Semi-Markov Reinforcement Learning for City-Scale EV Ride-Hailing with Feasibility-Guaranteed Actions
arXiv cs.AI / 4/29/2026
📰 NewsSignals & Early TrendsIdeas & Deep AnalysisModels & Research
Key Points
- The paper presents a city-scale EV ride-hailing fleet control framework that jointly optimizes dispatch, repositioning, and charging while respecting charger and feeder limits under uncertain, spatially correlated demand and travel times.
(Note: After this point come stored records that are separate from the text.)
text \<open>A separation yields a second hypergraph partition besides the trivial one.\<close>
lemma separation_not_connected:
  assumes ne: "nonempty_members G" and sp: "separates G A B"
  shows "\<not> hconnected G"
proof
  assume c: "hconnected G"
  have rA: "\<Union>(restr G A) = A" and rB: "\<Union>(restr G B) = B"
    using separation_restr_carrier[OF sp] separation_restr_carrier[OF separates_sym[OF sp]] .
  have AB: "A \<noteq> {}" "B \<noteq> {}" "A \<inter> B = {}" "A \<union> B = \<Union>G"
    using sp unfolding separates_def by blast+
  have AneB: "A \<noteq> B" using AB(1,3) by blast
  then have neq: "restr G A \<noteq> restr G B" using rA rB by metis
  have disj: "restr G A \<inter> restr G B = {}"
    using ne AB(3) unfolding nonempty_members_def restr_def by blast
  have cov: "restr G A \<union> restr G B = G" using sp unfolding separates_def restr_def by blast
  have "hyp_partition G {restr G A, restr G B}"
    unfolding hyp_partition_def
  proof (intro conjI)
    show "partition_on G {restr G A, restr G B}"
    proof (rule partition_onI)
      show "\<Union>{restr G A, restr G B} = G" using cov by simp
      show "{} \<notin> {restr G A, restr G B}" using rA rB AB(1,2) by auto
      show "disjnt p q" if "p \<in> {restr G A, restr G B}" "q \<in> {restr G A, restr G B}" "p \<noteq> q"
        for p q using that disj unfolding disjnt_def by auto
    qed
    show "inj_on Union {restr G A, restr G B}" using AneB by (auto simp: inj_on_def rA rB)
    show "partition_on (\<Union>G) (Union ` {restr G A, restr G B})"
    proof (rule partition_onI)
      show "\<Union>(Union ` {restr G A, restr G B}) = \<Union>G" using rA rB AB(4) by simp
      show "{} \<notin> Union ` {restr G A, restr G B}" using rA rB AB(1,2) by auto
      show "disjnt p q" if "p \<in> Union ` {restr G A, restr G B}" "q \<in> Union ` {restr G A, restr G B}"
        "p \<noteq> q" for p q using that rA rB AB(3) unfolding disjnt_def by auto
    qed
  qed
  moreover have "hyp_partition G {G}" using hp_trivial[OF ne] AB(1,4) by blast
  moreover have "{restr G A, restr G B} \<noteq> {G}" using neq by blast
  ultimately show False using c unfolding hconnected_def by blast
qed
- It formulates the problem as a hex-grid semi-Markov decision process (semi-MDP) with mixed actions (discrete service/reposition/charge decisions plus continuous charging power) and variable action durations.
- To ensure physical feasibility in both training and deployment, the policy uses masked, temperature-annealed high-level intentions that are enforced at each step via a time-limited rolling mixed-integer linear program (MILP) with strict state-of-charge, port, and feeder constraints.
- For robustness to distribution shifts, the method trains a Soft Actor–Critic (SAC) agent using a Wasserstein-1 ambiguity set with a graph-aligned Mahalanobis metric, and applies a robust backup based on Kantorovich–Rubinstein duality with primal–dual risk-budget updates.
- Experiments in a NYC taxi-data–driven EV simulator show PD–RSAC delivers the highest net profit (about $1.22M) versus $0.58M–$0.70M for multiple heuristic and RL baselines, while achieving zero feeder-limit violations.